[THE INPUT]

(* Let $f$ satisfy $(\mathcal A)$, $t_0>0$, $q\ge\frac12$, $p>1$, $y:[t_0,+\infty[\to\mathcal H$ continuously differentiable and $\lambda:[t_0,+\infty[\to\,]0,+\infty[$ continuous, with $\tau(t)=\frac{1}{q^q}\big(t_0+\int_{t_0}^t[\lambda(r)]^{1/q}dr\big)^q$, such that $\dot y(t)+\dot\tau(t)\nabla f(y(t))=0$ and $[\lambda(t)]^p\|\nabla f(y(t))\|^{p-1}=1$ for all $t\ge t_0$. Then there exists $C_1>0$ with $\tau(t)\ge C_1(t-t_0)^{pq}$ for all $t\ge t_0$.
   Context: $\mathcal H$ is a real Hilbert space. Assumption $(\mathcal A)$: $f:\mathcal H\to\mathbb R$ is convex and continuously differentiable, $\operatorname{argmin}_{\mathcal H} f\neq\emptyset$, and $\nabla f$ is Lipschitz continuous on bounded subsets of $\mathcal H$. *)

theory Defs
  imports "HOL-Analysis.Analysis"
begin

definition tau_fun :: "real \<Rightarrow> real \<Rightarrow> (real \<Rightarrow> real) \<Rightarrow> real \<Rightarrow> real" where
  "tau_fun q t0 lam t =
     (1 / q powr q) * (t0 + integral {t0..t} (\<lambda>r. lam r powr (1 / q))) powr q"

end

theory Submission
  imports Defs
begin

text \<open>Along the flow, convexity makes the energy \<open>\<tau> (f y - min f) + \<parallel>y - x\<^sub>*\<parallel>\<^sup>2 / 2\<close>
  decrease at rate at least \<open>\<tau> \<tau>' \<parallel>\<nabla>f y\<parallel>\<^sup>2\<close>, while monotonicity of \<open>\<nabla>f\<close> makes
  \<open>\<parallel>\<nabla>f y\<parallel>\<close> nonincreasing (a Dini-derivative argument, since \<open>\<nabla>f\<close> is only locally
  Lipschitz). Together they keep \<open>\<tau> \<parallel>\<nabla>f y\<parallel>\<close> bounded. Writing \<open>\<tau> = (u / q)^q\<close>, the
  coupling \<open>\<lambda>^p \<parallel>\<nabla>f y\<parallel>^(p - 1) = 1\<close> turns this bound into
  \<open>u' = \<lambda>^(1/q) \<ge> c u^(1 - 1/p)\<close>, so \<open>u^(1/p)\<close> grows at least linearly and \<open>\<tau>\<close> at
  least like \<open>(t - t\<^sub>0)^(p q)\<close>.\<close>

lemma convex_on_gradient_inequality:
  fixes f :: "'a::real_inner \<Rightarrow> real"
  assumes convex: "convex_on UNIV f"
    and grad: "\<And>x. (f has_derivative (\<lambda>h. gradf x \<bullet> h)) (at x)"
  shows "f x + gradf x \<bullet> (z - x) \<le> f z"
proof -
  define g where "g = (\<lambda>s::real. f (x + s *\<^sub>R (z - x)))"
  have "convex_on UNIV g"
  proof (rule convex_onI)
    fix s a b :: real assume s: "0 < s" "s < 1"
    have "x + ((1 - s) * a + s * b) *\<^sub>R (z - x)
        = (1 - s) *\<^sub>R (x + a *\<^sub>R (z - x)) + s *\<^sub>R (x + b *\<^sub>R (z - x))"
      by (simp add: algebra_simps)
    then show "g ((1 - s) *\<^sub>R a + s *\<^sub>R b) \<le> (1 - s) * g a + s * g b"
      using convex_onD[OF convex, of s] s by (simp add: g_def)
  qed simp
  moreover have "(g has_real_derivative gradf x \<bullet> (z - x)) (at 0)"
  proof -
    have "((\<lambda>s::real. x + s *\<^sub>R (z - x)) has_derivative (\<lambda>s. s *\<^sub>R (z - x))) (at 0)"
      by (auto intro!: derivative_eq_intros)
    from has_derivative_compose[OF this grad]
    have "(g has_derivative (\<lambda>s. gradf x \<bullet> (s *\<^sub>R (z - x)))) (at 0)"
      by (simp add: g_def)
    then show ?thesis
      by (simp add: has_field_derivative_def mult_commute_abs)
  qed
  ultimately have "g 0 + (gradf x \<bullet> (z - x)) * (1 - 0) \<le> g 1"
    using convex_on_imp_above_tangent[of UNIV g 0 1 "gradf x \<bullet> (z - x)"] by auto
  then show ?thesis by (simp add: g_def)
qed

lemma convex_gradient_monotone:
  fixes f :: "'a::real_inner \<Rightarrow> real"
  assumes "convex_on UNIV f"
    and "\<And>x. (f has_derivative (\<lambda>h. gradf x \<bullet> h)) (at x)"
  shows "0 \<le> (gradf x - gradf z) \<bullet> (x - z)"
  using convex_on_gradient_inequality[OF assms, of x z] convex_on_gradient_inequality[OF assms, of z x]
  by (simp add: inner_diff_left inner_diff_right algebra_simps)

lemma DERIV_within_nonpos_imp_nonincreasing:
  fixes F F' :: "real \<Rightarrow> real"
  assumes "a \<le> b"
    and deriv: "\<And>x. x \<in> {a..b} \<Longrightarrow> (F has_real_derivative F' x) (at x within {a..b})"
    and nonpos: "\<And>x. x \<in> {a..b} \<Longrightarrow> F' x \<le> 0"
  shows "F b \<le> F a"
proof (rule DERIV_nonpos_imp_decreasing_open[OF \<open>a \<le> b\<close>])
  fix x assume "a < x" "x < b"
  then show "\<exists>D. (F has_real_derivative D) (at x) \<and> D \<le> 0"
    using deriv[of x] nonpos[of x] at_within_Icc_at[of a x b] by auto
next
  show "continuous_on {a..b} F"
    unfolding continuous_on_eq_continuous_within using deriv DERIV_continuous by blast
qed

lemma right_slope_bound_imp_le:
  fixes \<phi> :: "real \<Rightarrow> real"
  assumes "a \<le> b" and cont: "continuous_on {a..b} \<phi>"
    and slope: "\<And>t. t \<in> {a..<b} \<Longrightarrow> eventually (\<lambda>x. \<phi> x \<le> \<phi> t + e * (x - t)) (at_right t)"
  shows "\<phi> b \<le> \<phi> a + e * (b - a)"
proof -
  define \<psi> where "\<psi> = (\<lambda>x. \<phi> x - \<phi> a - e * (x - a))"
  define S where "S = {x \<in> {a..b}. \<forall>z\<in>{a..x}. \<psi> z \<le> 0}"
  define c where "c = Sup S"
  have "a \<in> S" using \<open>a \<le> b\<close> by (simp add: S_def \<psi>_def)
  have bdd: "bdd_above S" by (auto simp: S_def bdd_above_def)
  have "a \<le> c" using cSup_upper[OF \<open>a \<in> S\<close> bdd] by (simp add: c_def)
  have "c \<le> b" unfolding c_def using \<open>a \<in> S\<close> by (intro cSup_least) (auto simp: S_def)
  have below_c: "\<psi> z \<le> 0" if "a \<le> z" "z < c" for z
  proof -
    obtain x where "x \<in> S" "z < x" using less_cSup_iff[OF _ bdd, of z] \<open>a \<in> S\<close> \<open>z < c\<close> c_def by auto
    then show ?thesis using that by (auto simp: S_def)
  qed
  have at_c: "\<psi> c \<le> 0"
  proof (cases "a = c")
    case False
    have "continuous_on {a..c} \<psi>"
      using continuous_on_subset[OF cont] \<open>c \<le> b\<close> unfolding \<psi>_def by (auto intro!: continuous_intros)
    then show ?thesis
      using continuous_le_on_closure[of "{a..<c}" \<psi> c 0] below_c \<open>a \<le> c\<close> False by auto
  qed (simp add: \<psi>_def)
  have "c \<in> S" using below_c at_c \<open>a \<le> c\<close> \<open>c \<le> b\<close> by (force simp: S_def)
  have "c = b"
  proof (rule ccontr)
    assume "c \<noteq> b"
    with \<open>c \<le> b\<close> \<open>a \<le> c\<close> obtain d where "d > c"
      and d: "\<And>x. c < x \<Longrightarrow> x < d \<Longrightarrow> \<phi> x \<le> \<phi> c + e * (x - c)"
      using slope[of c] by (auto simp: eventually_at_right_field)
    define c' where "c' = min b ((c + d) / 2)"
    have beyond_c: "\<psi> z \<le> 0" if "c < z" "z \<le> c'" for z
      using d[of z] that at_c \<open>d > c\<close> by (auto simp: c'_def \<psi>_def algebra_simps)
    have "c' \<in> S" unfolding S_def
    proof (intro CollectI conjI ballI)
      show "c' \<in> {a..b}" using \<open>a \<le> c\<close> \<open>c \<le> b\<close> \<open>d > c\<close> by (auto simp: c'_def)
      fix z assume "z \<in> {a..c'}"
      then show "\<psi> z \<le> 0"
        using \<open>c \<in> S\<close> beyond_c[of z] by (cases "z \<le> c") (auto simp: S_def)
    qed
    then have "c' \<le> c" using cSup_upper[OF _ bdd] by (simp add: c_def)
    then show False using \<open>c \<le> b\<close> \<open>c \<noteq> b\<close> \<open>d > c\<close> by (simp add: c'_def min_def split: if_splits)
  qed
  then show ?thesis using at_c by (simp add: \<psi>_def)
qed

lemma right_Dini_nonpos_imp_le:
  fixes \<phi> :: "real \<Rightarrow> real"
  assumes "a \<le> b" and "continuous_on {a..b} \<phi>"
    and "\<And>t e. t \<in> {a..<b} \<Longrightarrow> e > 0 \<Longrightarrow> eventually (\<lambda>x. \<phi> x \<le> \<phi> t + e * (x - t)) (at_right t)"
  shows "\<phi> b \<le> \<phi> a"
proof (rule field_le_epsilon)
  fix e :: real assume "e > 0"
  then have "\<phi> b \<le> \<phi> a + e / (b - a + 1) * (b - a)"
    using \<open>a \<le> b\<close> by (intro right_slope_bound_imp_le assms(1,2) assms(3)) auto
  also have "e / (b - a + 1) * (b - a) \<le> e"
    using \<open>e > 0\<close> \<open>a \<le> b\<close> by (auto simp: field_simps)
  finally show "\<phi> b \<le> \<phi> a + e" by simp
qed

text \<open>A step \<open>d = r - h c u\<close> of the flow \<open>y' = - c G y\<close> from a point with \<open>G = u\<close> to one
  with \<open>G = w\<close>: by monotonicity of \<open>G\<close>, \<open>\<parallel>G\<parallel>\<^sup>2\<close> grows at most by \<open>o(h)\<close> when \<open>\<parallel>r\<parallel> = o(h)\<close>.\<close>

lemma monotone_step_norm_estimate:
  fixes u w d r :: "'a::real_inner"
  assumes mono: "0 \<le> (w - u) \<bullet> d" and step: "d = r - (h * c) *\<^sub>R u"
    and lip: "norm (w - u) \<le> L * norm d"
    and "L \<ge> 0" "h > 0" "c > 0" "norm r \<le> h"
  shows "(norm w)\<^sup>2 \<le> (norm u)\<^sup>2
    + h * (2 * L * (c * norm u + 1) / c * (norm r / h) + (L * (c * norm u + 1))\<^sup>2 * h)"
proof -
  define M where "M = c * norm u + 1"
  have "norm d \<le> norm r + h * c * norm u"
    using norm_triangle_ineq4[of r "(h * c) *\<^sub>R u"] step \<open>h > 0\<close> \<open>c > 0\<close> by simp
  also have "\<dots> \<le> M * h"
    using \<open>norm r \<le> h\<close> by (simp add: M_def algebra_simps)
  finally have "L * norm d \<le> L * (M * h)" using \<open>L \<ge> 0\<close> by (rule mult_left_mono)
  then have D: "norm (w - u) \<le> L * M * h" using lip by simp
  have "h * (c * ((w - u) \<bullet> u)) \<le> (w - u) \<bullet> r"
    using mono step by (simp add: inner_diff_right algebra_simps)
  also have "\<dots> \<le> norm (w - u) * norm r"
    using Cauchy_Schwarz_ineq2 abs_ge_self order_trans by blast
  also have "\<dots> \<le> h * (L * M * norm r)"
    using mult_right_mono[OF D norm_ge_zero] by (simp add: algebra_simps)
  finally have "c * ((w - u) \<bullet> u) \<le> L * M * norm r" using \<open>h > 0\<close> by simp
  then have "(w - u) \<bullet> u \<le> L * M * norm r / c" using \<open>c > 0\<close> by (simp add: field_simps)
  moreover have "(norm (w - u))\<^sup>2 \<le> (L * M * h)\<^sup>2"
    using D by (intro power_mono) auto
  moreover have "(norm w)\<^sup>2 = (norm u)\<^sup>2 + 2 * ((w - u) \<bullet> u) + (norm (w - u))\<^sup>2"
    by (simp add: power2_norm_eq_inner inner_diff_left inner_diff_right inner_commute)
  moreover have "2 * (L * M * norm r / c) + (L * M * h)\<^sup>2 = h * (2 * L * M / c * (norm r / h) + (L * M)\<^sup>2 * h)"
    using \<open>h > 0\<close> by (simp add: field_simps power2_eq_square)
  ultimately show ?thesis unfolding M_def[symmetric] by linarith
qed
lemma simple_roots_separated:
  assumes "i < l" "j < l" "i \<noteq> j"
  shows "\<exists>x\<in>h1 \<union> h2. al j x \<noteq> al i x"
proof -
  let ?c = "\<lambda>k. if k = j then 1 else if k = i then -1 else (0::complex)"
  have "\<exists>k<l. ?c k \<noteq> 0" using assms by (intro exI[of _ j]) auto
  from root_comb_separated[OF this] obtain x
    where x: "x \<in> h1 \<union> h2" "(\<Sum>k<l. ?c k * al k x) \<noteq> 0"
    by blast
  have "?c k * al k x = (if k = j then al k x else 0) - (if k = i then al k x else 0)" for k
    using assms(3) by auto
  then have "(\<Sum>k<l. ?c k * al k x) = al j x - al i x"
    using assms(1,2) by (simp only: sum_subtractf sum.delta) simp
  then show ?thesis using x by auto
qed

definition cartan_act :: "'g \<Rightarrow> 'v \<Rightarrow> 'v" where
  "cartan_act x = (if x \<in> h2 then actd x else act x (\<lambda>_. 0))"

lemma cartan_act_wspace: "u \<in> wspace \<mu> \<Longrightarrow> x \<in> h1 \<union> h2 \<Longrightarrow> cartan_act x u = sv (\<mu> x) u"
  unfolding cartan_act_def weight_space_def by auto

lemma cartan_act_add: "x \<in> h1 \<union> h2 \<Longrightarrow> cartan_act x (u + w) = cartan_act x u + cartan_act x w"
  using expo_zero by (auto simp: cartan_act_def act_add actd_add)

lemma cartan_act_scale: "x \<in> h1 \<union> h2 \<Longrightarrow> cartan_act x (sv c u) = sv c (cartan_act x u)"
  using expo_zero by (auto simp: cartan_act_def act_scale actd_scale)
theorem proposition36:
  shows "\<exists>c::real. c > 0 \<and> (\<forall>r::nat. \<exists>A::hyb_alg. \<forall>n::nat. \<forall>E.
     1 \<le> n \<longrightarrow> simple_graph n E \<longrightarrow>
     (\<forall>s. hyb_exec A n E (cap c n) s \<longrightarrow>
        (\<forall>t. \<forall>v\<in>{1..n}. respects_global_bw (cap c n) (h_gmsg A (s t v))) \<and>
        (\<forall>t. real t \<ge> real (r - 1) * c * log 2 (real n) \<longrightarrow>
             (\<forall>v\<in>{1..n}. h_out A (s t v) = num_r_cycles n E r))))"
proof (intro exI[of _ 8] conjI allI)
  fix r
  show "\<exists>A::hyb_alg. \<forall>n E. 1 \<le> n \<longrightarrow> simple_graph n E \<longrightarrow>
     (\<forall>s. hyb_exec A n E (cap 8 n) s \<longrightarrow>
        (\<forall>t. \<forall>v\<in>{1..n}. respects_global_bw (cap 8 n) (h_gmsg A (s t v))) \<and>
        (\<forall>t. real t \<ge> real (r - 1) * 8 * log 2 (real n) \<longrightarrow>
             (\<forall>v\<in>{1..n}. h_out A (s t v) = num_r_cycles n E r)))"
    using cycle_count_alg_bandwidth cycle_count_alg_correct
    by (intro exI[of _ "cycle_count_alg r"]) blast
qed simp

end
(* A cut of the horizontal sum that contains 1 is the whole carrier, and so is a cut containing
   elements of two different summands, since their only common upper bound is 1. Hence every
   cut other than {0} and the whole carrier lies in P\<^sub>\<alpha> for a single \<alpha>. Inside P\<^sub>\<alpha>, upper
   bounds (of a set with an element other than 0) and lower bounds (of a set with an element
   other than 1) are the same whether computed in the sum or in P\<^sub>\<alpha>, so these cuts are
   exactly the cuts of P\<^sub>\<alpha> other than {0} and P\<^sub>\<alpha>. Sending 0 to {0}, 1 to the whole carrier
   and such a cut of P\<^sub>\<alpha> to itself is therefore an order isomorphism from the horizontal sum
   of the completions onto the completion of the sum. *)

lemma order_iso_inv_into:
  assumes "order_iso A leA B leB f"
  shows "order_iso B leB A leA (inv_into A f)"
proof -
  have bij: "bij_betw f A B"
    using assms by (simp add: order_iso_def)
  have "leB x y \<longleftrightarrow> leA (inv_into A f x) (inv_into A f y)" if "x \<in> B" "y \<in> B" for x y
    using assms that bij_betw_inv_into_right[OF bij] bij_betw_apply[OF bij_betw_inv_into[OF bij]]
    unfolding order_iso_def by metis
  then show ?thesis
    by (simp add: order_iso_def bij_betw_inv_into[OF bij])
qed

lemma Ub_image_order_embedding:
  assumes "e ` A \<subseteq> B" and "\<And>x y. x \<in> A \<Longrightarrow> y \<in> A \<Longrightarrow> leB (e x) (e y) \<longleftrightarrow> leA x y"
    and "M \<subseteq> A"
  shows "Ub B leB (e ` M) \<inter> e ` A = e ` Ub A leA M"
proof (intro equalityI subsetI)
  fix u
  assume "u \<in> Ub B leB (e ` M) \<inter> e ` A"
  then obtain y where "u = e y" "y \<in> A" "\<forall>m\<in>M. leB (e m) (e y)"
    by (auto simp: Ub_def)
  then have "y \<in> Ub A leA M"
    using assms(2,3) by (auto simp: Ub_def)
  then show "u \<in> e ` Ub A leA M"
    using \<open>u = e y\<close> by blast
next
  fix u
  assume "u \<in> e ` Ub A leA M"
  then obtain y where "u = e y" "y \<in> A" "\<forall>m\<in>M. leA m y"
    by (auto simp: Ub_def)
  then show "u \<in> Ub B leB (e ` M) \<inter> e ` A"
    using assms by (auto simp: Ub_def)
qed

lemma Lb_image_order_embedding:
  assumes "e ` A \<subseteq> B" and "\<And>x y. x \<in> A \<Longrightarrow> y \<in> A \<Longrightarrow> leB (e x) (e y) \<longleftrightarrow> leA x y"
    and "M \<subseteq> A"
  shows "Lb B leB (e ` M) \<inter> e ` A = e ` Lb A leA M"
proof (intro equalityI subsetI)
  fix u
  assume "u \<in> Lb B leB (e ` M) \<inter> e ` A"
  then obtain y where "u = e y" "y \<in> A" "\<forall>m\<in>M. leB (e y) (e m)"
    by (auto simp: Lb_def)
  then have "y \<in> Lb A leA M"
    using assms(2,3) by (auto simp: Lb_def)
  then show "u \<in> e ` Lb A leA M"
    using \<open>u = e y\<close> by blast
next
  fix u
  assume "u \<in> e ` Lb A leA M"
  then obtain y where "u = e y" "y \<in> A" "\<forall>m\<in>M. leA y m"
    by (auto simp: Lb_def)
  then show "u \<in> Lb B leB (e ` M) \<inter> e ` A"
    using assms by (auto simp: Lb_def)
qed

context
  fixes A :: "'a set" and le :: "'a \<Rightarrow> 'a \<Rightarrow> bool" and zero one :: 'a
  assumes bounded: "bounded_poset A le zero one"
begin

lemma bounded_poset_refl: "x \<in> A \<Longrightarrow> le x x"
  and bounded_poset_antisym: "x \<in> A \<Longrightarrow> y \<in> A \<Longrightarrow> le x y \<Longrightarrow> le y x \<Longrightarrow> x = y"
  and bounded_poset_trans: "x \<in> A \<Longrightarrow> y \<in> A \<Longrightarrow> z \<in> A \<Longrightarrow> le x y \<Longrightarrow> le y z \<Longrightarrow> le x z"
  and bounded_poset_zero_mem: "zero \<in> A"
  and bounded_poset_one_mem: "one \<in> A"
  and bounded_poset_zero_le: "x \<in> A \<Longrightarrow> le zero x"
  and bounded_poset_le_one: "x \<in> A \<Longrightarrow> le x one"
  using bounded unfolding bounded_poset_def by blast+

lemma Lb_Ub_eq_carrier: "Ub A le M \<subseteq> {one} \<Longrightarrow> Lb A le (Ub A le M) = A"
  using bounded_poset_le_one by (auto simp: Lb_def)

lemma zero_mem_DM:
  assumes "C \<in> DM A le"
  shows "zero \<in> C"
proof -
  have "zero \<in> Lb A le (Ub A le C)"
    using bounded_poset_zero_mem bounded_poset_zero_le by (simp add: Lb_def Ub_def)
  then show ?thesis
    using assms by (simp add: DM_def)
qed

lemma Lb_Ub_eq_carrier_if_one_mem:
  assumes "one \<in> M"
  shows "Lb A le (Ub A le M) = A"
proof (rule Lb_Ub_eq_carrier)
  show "Ub A le M \<subseteq> {one}"
    using assms bounded_poset_antisym bounded_poset_le_one bounded_poset_one_mem
    by (auto simp: Ub_def)
qed

lemma DM_eq_carrier_if_one_mem: "C \<in> DM A le \<Longrightarrow> one \<in> C \<Longrightarrow> C = A"
  using Lb_Ub_eq_carrier_if_one_mem by (simp add: DM_def)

[/THE INPUT]

• ABOUT THIS TASK
Lines to set down from above: the line with "ultimately show ?thesis", the line with "from root_comb_separated[OF this] obtain x", and every line between, each exactly as written.

• EXERCISE ANSWER
  ultimately show ?thesis unfolding M_def[symmetric] by linarith
qed
lemma simple_roots_separated:
  assumes "i < l" "j < l" "i \<noteq> j"
  shows "\<exists>x\<in>h1 \<union> h2. al j x \<noteq> al i x"
proof -
  let ?c = "\<lambda>k. if k = j then 1 else if k = i then -1 else (0::complex)"
  have "\<exists>k<l. ?c k \<noteq> 0" using assms by (intro exI[of _ j]) auto
  from root_comb_separated[OF this] obtain x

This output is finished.